• [Problem to solve]
Go through the lines below. Copy those with "inter".

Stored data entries
******************************

text \<open>Packing argument: the \<open>K\<^sup>n\<close> translates of the slab by the column shifts \<open>k/K\<close>,
  \<open>k \<in> {0..<K}\<^sup>n\<close>, are pairwise disjoint and stay inside the cube of side \<open>t + 1\<close>.\<close>

lemma packing_matrix_slab:
  fixes c :: "real^'m" and K :: nat
  assumes e: "e > 0" and c: "\<bar>c$j\<bar> \<ge> r" and K: "real K * (3 * e) \<le> r"
  shows "real K ^ CARD('n) * measure lebesgue (matrix_slab t c e :: (real^'m^'n) set)
           \<le> measure lebesgue (matrix_cube (t + 1) :: (real^'m^'n) set)"
proof (cases "K = 0")
  case False
  define I where "I = PiE (UNIV::'n set) (\<lambda>_. {..<K})"
  have "card I * measure lebesgue (matrix_slab t c e :: (real^'m^'n) set)
          \<le> measure lebesgue (matrix_cube (t + 1) :: (real^'m^'n) set)"
  proof (rule card_mult_measure_le_if_disjoint_translates[where v = "column_shift j (1 / real K)"])
    have "3 * e \<le> 1 / real K * \<bar>c$j\<bar>"
      using K c False by (simp add: field_simps)
    then show "pairwise (\<lambda>k k'. (+) (column_shift j (1 / real K) k) ` matrix_slab t c e
        \<inter> (+) (column_shift j (1 / real K) k') ` matrix_slab t c e = {}) I"
    proof (intro pairwiseI)
      fix k k' :: "'n \<Rightarrow> nat" assume "k \<noteq> k'"
      then obtain i where "k i \<noteq> k' i" by auto
      with e \<open>3 * e \<le> 1 / real K * \<bar>c$j\<bar>\<close>
      show "(+) (column_shift j (1 / real K) k) ` matrix_slab t c e
          \<inter> (+) (column_shift j (1 / real K) k') ` matrix_slab t c e = {}"
        by (rule disjoint_translates_matrix_slab)
    qed
    show "(+) (column_shift j (1 / real K) k) ` matrix_slab t c e \<subseteq> matrix_cube (t + 1)"
      if "k \<in> I" for k
    proof -
      have "column_shift j (1 / real K) k \<in> matrix_cube 1"
        using that by (auto simp: column_shift_def matrix_cube_def I_def PiE_iff divide_le_eq_1 less_imp_le)
      then show ?thesis
        using translate_matrix_cube_subset matrix_slab_subset_cube by blast
    qed
  qed (simp_all add: I_def finite_PiE matrix_slab_lmeasurable matrix_cube_lmeasurable)
  moreover have "card I = K ^ CARD('n)" by (simp add: I_def card_PiE)
  ultimately show ?thesis by simp
qed (simp add: power_0_left)

lemma measure_matrix_slab_le:
  fixes c :: "real^'m"
  assumes e: "e > 0" and r: "r > 0" and c: "\<bar>c$j\<bar> \<ge> r"
  shows "measure lebesgue (matrix_slab t c e :: (real^'m^'n) set)
           \<le> measure lebesgue (matrix_cube (t + 1) :: (real^'m^'n) set) * (6 * e / r) ^ CARD('n)"
proof -
  define M where "M = measure lebesgue (matrix_cube (t + 1) :: (real^'m^'n) set)"
  have "M \<ge> 0" by (simp add: M_def)
  define K where "K = nat \<lfloor>r / (3 * e)\<rfloor>"
  have K: "real K \<le> r / (3 * e)" "r / (3 * e) < real K + 1"
    using e r by (auto simp: K_def)
  show ?thesis
  proof (cases "K = 0")
    case True
    have "measure lebesgue (matrix_slab t c e :: (real^'m^'n) set) \<le> M"
      unfolding M_def
    proof (rule measure_mono_fmeasurable)
      show "matrix_slab t c e \<subseteq> matrix_cube (t + 1)"
        by (auto simp: matrix_slab_def matrix_cube_def intro!: add_increasing2)
    qed (auto simp: fmeasurableD matrix_slab_lmeasurable matrix_cube_lmeasurable)
    moreover have "1 \<le> (6 * e / r) ^ CARD('n)"
      using K True e r by (intro one_le_power) (simp add: field_simps)
    then have "M * 1 \<le> M * (6 * e / r) ^ CARD('n)" using \<open>M \<ge> 0\<close> by (intro mult_left_mono)
    with \<open>measure lebesgue (matrix_slab t c e :: (real^'m^'n) set) \<le> M\<close> show ?thesis
      by (simp add: M_def)
  next
    case False
    have "real K ^ CARD('n) * measure lebesgue (matrix_slab t c e :: (real^'m^'n) set) \<le> M"
      unfolding M_def using K e by (intro packing_matrix_slab[OF e c]) (simp add: field_simps)
    moreover have "1 / real K \<le> 6 * e / r"
    proof -
      have "r < 3 * e * (real K + 1)" using K(2) e by (simp add: field_simps)
      also have "\<dots> \<le> 3 * e * (2 * real K)" using False e by (intro mult_left_mono) auto
      finally show ?thesis using False r by (simp add: field_simps)
    qed
    ultimately have "(real K ^ CARD('n) * measure lebesgue (matrix_slab t c e :: (real^'m^'n) set))
        * (1 / real K) ^ CARD('n) \<le> M * (6 * e / r) ^ CARD('n)"
      using \<open>M \<ge> 0\<close> by (intro mult_mono power_mono) auto
    then show ?thesis using False by (simp add: M_def power_one_over)
  qed
qed

lemma exists_abs_nth_ge_norm_div_card:
  fixes c :: "real^'m"
  obtains j where "norm c / real CARD('m) \<le> \<bar>c$j\<bar>"
proof (rule ccontr)
  assume "\<not> thesis"
  with that have "\<bar>c$j\<bar> < norm c / real CARD('m)" for j by (meson not_le)
  then have "(\<Sum>j\<in>UNIV. \<bar>c$j\<bar>) < (\<Sum>j\<in>(UNIV::'m set). norm c / real CARD('m))"
    by (intro sum_strict_mono) auto
  with norm_le_l1_cart[of c] show False by simp
qed

lemma covering_number_enatE:
  assumes "covering_number U \<rho> = enat k"
  obtains C where "finite C" "card C = k" "U \<subseteq> (\<Union>c\<in>C. ball c \<rho>)"
proof -
  define S where "S = {enat (card C) | C. finite C \<and> U \<subseteq> (\<Union>c\<in>C. ball c \<rho>)}"
  have "covering_number U \<rho> = Inf S" by (simp add: covering_number_def S_def)
  moreover from this assms have "S \<noteq> {}" by (auto simp: Inf_enat_def)
  then have "Inf S \<in> S" unfolding Inf_enat_def by (auto intro: LeastI)
  ultimately show thesis using assms that by (auto simp: S_def)
qed

lemma frequently_covering_number_le_powr:
  fixes W :: "'a::metric_space set"
  assumes "lower_box_dim W < ereal s"
  shows "\<exists>\<^sub>F \<rho> in at_right 0. \<exists>k. covering_number W \<rho> = enat k \<and> real k \<le> (1 / \<rho>) powr s"
proof -
  define f where "f \<rho> = (case covering_number W \<rho> of
      enat k \<Rightarrow> ereal (ln (real k) / ln (1 / \<rho>)) | \<infinity> \<Rightarrow> \<infinity>)" for \<rho>
  have "\<exists>\<^sub>F \<rho> in at_right 0. f \<rho> < ereal s"
  proof (rule ccontr)
    assume "\<not> ?thesis"
    then have "\<forall>\<^sub>F \<rho> in at_right 0. ereal s \<le> f \<rho>"
      by (simp add: not_frequently not_less)
    then have "ereal s \<le> lower_box_dim W"
      unfolding lower_box_dim_def f_def by (rule Liminf_bounded)
    with assms show False by simp
  qed
  moreover have "\<forall>\<^sub>F \<rho> in at_right (0::real). 0 < \<rho> \<and> \<rho> < 1"
    by (auto simp: eventually_at_right_field intro: exI[of _ 1])
  ultimately have "\<exists>\<^sub>F \<rho> in at_right 0. (0 < \<rho> \<and> \<rho> < 1) \<and> f \<rho> < ereal s"
    by (rule frequently_eventually_conj)
  then show ?thesis
  proof (rule frequently_elim1, elim conjE)
    fix \<rho> :: real assume "0 < \<rho>" "\<rho> < 1" "f \<rho> < ereal s"
    then obtain k where k: "covering_number W \<rho> = enat k" and "ln (real k) / ln (1 / \<rho>) < s"
      by (cases "covering_number W \<rho>") (auto simp: f_def)
    moreover have "ln (1 / \<rho>) > 0" using \<open>0 < \<rho>\<close> \<open>\<rho> < 1\<close> by simp
    ultimately have "ln (real k) < s * ln (1 / \<rho>)" by (simp add: divide_less_eq)
    have "real k \<le> (1 / \<rho>) powr s"
    proof (cases "k = 0")
      case False
      then have "real k = exp (ln (real k))" by simp
      also have "\<dots> \<le> exp (s * ln (1 / \<rho>))" using \<open>ln (real k) < s * ln (1 / \<rho>)\<close> by simp
      finally show ?thesis using \<open>0 < \<rho>\<close> by (simp add: powr_def)
    qed simp
    with k show "\<exists>k. covering_number W \<rho> = enat k \<and> real k \<le> (1 / \<rho>) powr s" by blast
  qed
qed

lemma annihilating_matrices_subset_slabs:
  fixes W C :: "(real^'m) set"
  assumes "W \<subseteq> (\<Union>c\<in>C. ball c \<rho>)"
  shows "{A :: real^'m^'n. A \<in> matrix_cube t \<and> (\<exists>x\<in>W. \<delta> \<le> norm x \<and> A *v x = 0)}
           \<subseteq> (\<Union>c\<in>{c\<in>C. \<delta> - \<rho> \<le> norm c}. matrix_slab t c (real CARD('m) * t * \<rho>))"
proof clarify
  fix A :: "real^'m^'n" and x
  assume A: "A \<in> matrix_cube t" and "x \<in> W" "\<delta> \<le> norm x" "A *v x = 0"
  then obtain c where "c \<in> C" and xc: "norm (c - x) < \<rho>"
    using assms by (auto simp: dist_norm)
  have "\<delta> - \<rho> \<le> norm c"
    using \<open>\<delta> \<le> norm x\<close> xc norm_triangle_ineq2[of x c] by (simp add: norm_minus_commute)
  moreover have "\<bar>(A *v c)$i\<bar> \<le> real CARD('m) * t * \<rho>" for i
  proof -
    have "A *v c = A *v (c - x)"
      using \<open>A *v x = 0\<close> by (simp add: matrix_vector_mult_diff_distrib)
    then have "\<bar>(A *v c)$i\<bar> \<le> real CARD('m) * t * norm (c - x)"
      using abs_matrix_vector_mult_nth_le[OF A] by simp
    also have "\<dots> \<le> real CARD('m) * t * \<rho>"
      using xc matrix_cube_nonneg[OF A] by (intro mult_left_mono) auto
    finally show ?thesis .
  qed
  ultimately show "A \<in> (\<Union>c\<in>{c\<in>C. \<delta> - \<rho> \<le> norm c}. matrix_slab t c (real CARD('m) * t * \<rho>))"
    using \<open>c \<in> C\<close> A by (auto simp: matrix_slab_def)
qed

lemma annihilating_matrices_measure_le:
  fixes W :: "(real^'m) set"
  assumes k: "covering_number W \<rho> = enat k" and \<rho>: "0 < \<rho>" "2 * \<rho> \<le> \<delta>" and t: "0 < t"
  obtains T :: "(real^'m^'n) set"
  where "T \<in> lmeasurable" "{A. A \<in> matrix_cube t \<and> (\<exists>x\<in>W. \<delta> \<le> norm x \<and> A *v x = 0)} \<subseteq> T"
    and "measure lebesgue T \<le> real k * (measure lebesgue (matrix_cube (t + 1) :: (real^'m^'n) set)
           * (12 * real CARD('m) ^ 2 * t / \<delta>) ^ CARD('n)) * \<rho> ^ CARD('n)"
proof -
  obtain C where C: "finite C" "card C = k" "W \<subseteq> (\<Union>c\<in>C. ball c \<rho>)"
    using covering_number_enatE[OF k] by blast
  define C' where "C' = {c\<in>C. \<delta> - \<rho> \<le> norm c}"
  define e where "e = real CARD('m) * t * \<rho>"
  define r where "r = \<delta> / (2 * real CARD('m))"
  define M where "M = measure lebesgue (matrix_cube (t + 1) :: (real^'m^'n) set)"
  define T where "T = (\<Union>c\<in>C'. matrix_slab t c e :: (real^'m^'n) set)"
  have "finite C'" using C(1) by (simp add: C'_def)
  have e: "e > 0" and r: "r > 0" using \<rho> t by (auto simp: e_def r_def)
  have slab: "measure lebesgue (matrix_slab t c e :: (real^'m^'n) set) \<le> M * (6 * e / r) ^ CARD('n)"
    if "c \<in> C'" for c
  proof -
    obtain j where j: "norm c / real CARD('m) \<le> \<bar>c$j\<bar>"
      by (rule exists_abs_nth_ge_norm_div_card)
    have "r \<le> norm c / real CARD('m)"
      using that \<rho> by (auto simp: r_def C'_def field_simps)
    with j show ?thesis unfolding M_def by (intro measure_matrix_slab_le[OF e r, of c j]) auto
  qed
  have "measure lebesgue T \<le> (\<Sum>c\<in>C'. measure lebesgue (matrix_slab t c e :: (real^'m^'n) set))"
    unfolding T_def using \<open>finite C'\<close> by (intro measure_UNION_le) (auto simp: fmeasurableD matrix_slab_lmeasurable)
  also have "\<dots> \<le> card C' * (M * (6 * e / r) ^ CARD('n))"
    using sum_mono[OF slab] by simp
  also have "\<dots> \<le> k * (M * (6 * e / r) ^ CARD('n))"
    using C \<open>finite C'\<close> e r by (intro mult_right_mono) (auto simp: C'_def M_def intro: card_mono)
  also have "6 * e / r = 12 * real CARD('m) ^ 2 * t / \<delta> * \<rho>"
    by (simp add: e_def r_def power2_eq_square)
  finally have "measure lebesgue T \<le> k * (M * (12 * real CARD('m) ^ 2 * t / \<delta>) ^ CARD('n)) * \<rho> ^ CARD('n)"
    by (simp only: power_mult_distrib mult.assoc)
  moreover have "T \<in> lmeasurable"
    unfolding T_def using \<open>finite C'\<close> by (intro fmeasurable.finite_UN matrix_slab_lmeasurable)
  moreover have "{A. A \<in> matrix_cube t \<and> (\<exists>x\<in>W. \<delta> \<le> norm x \<and> A *v x = 0)} \<subseteq> T"
    unfolding T_def C'_def e_def by (rule annihilating_matrices_subset_slabs[OF C(3)])
  ultimately show thesis using that unfolding M_def by blast
qed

******************************

• [Task solution]
        \<inter> (+) (column_shift j (1 / real K) k') ` matrix_slab t c e = {}) I"
          \<inter> (+) (column_shift j (1 / real K) k') ` matrix_slab t c e = {}"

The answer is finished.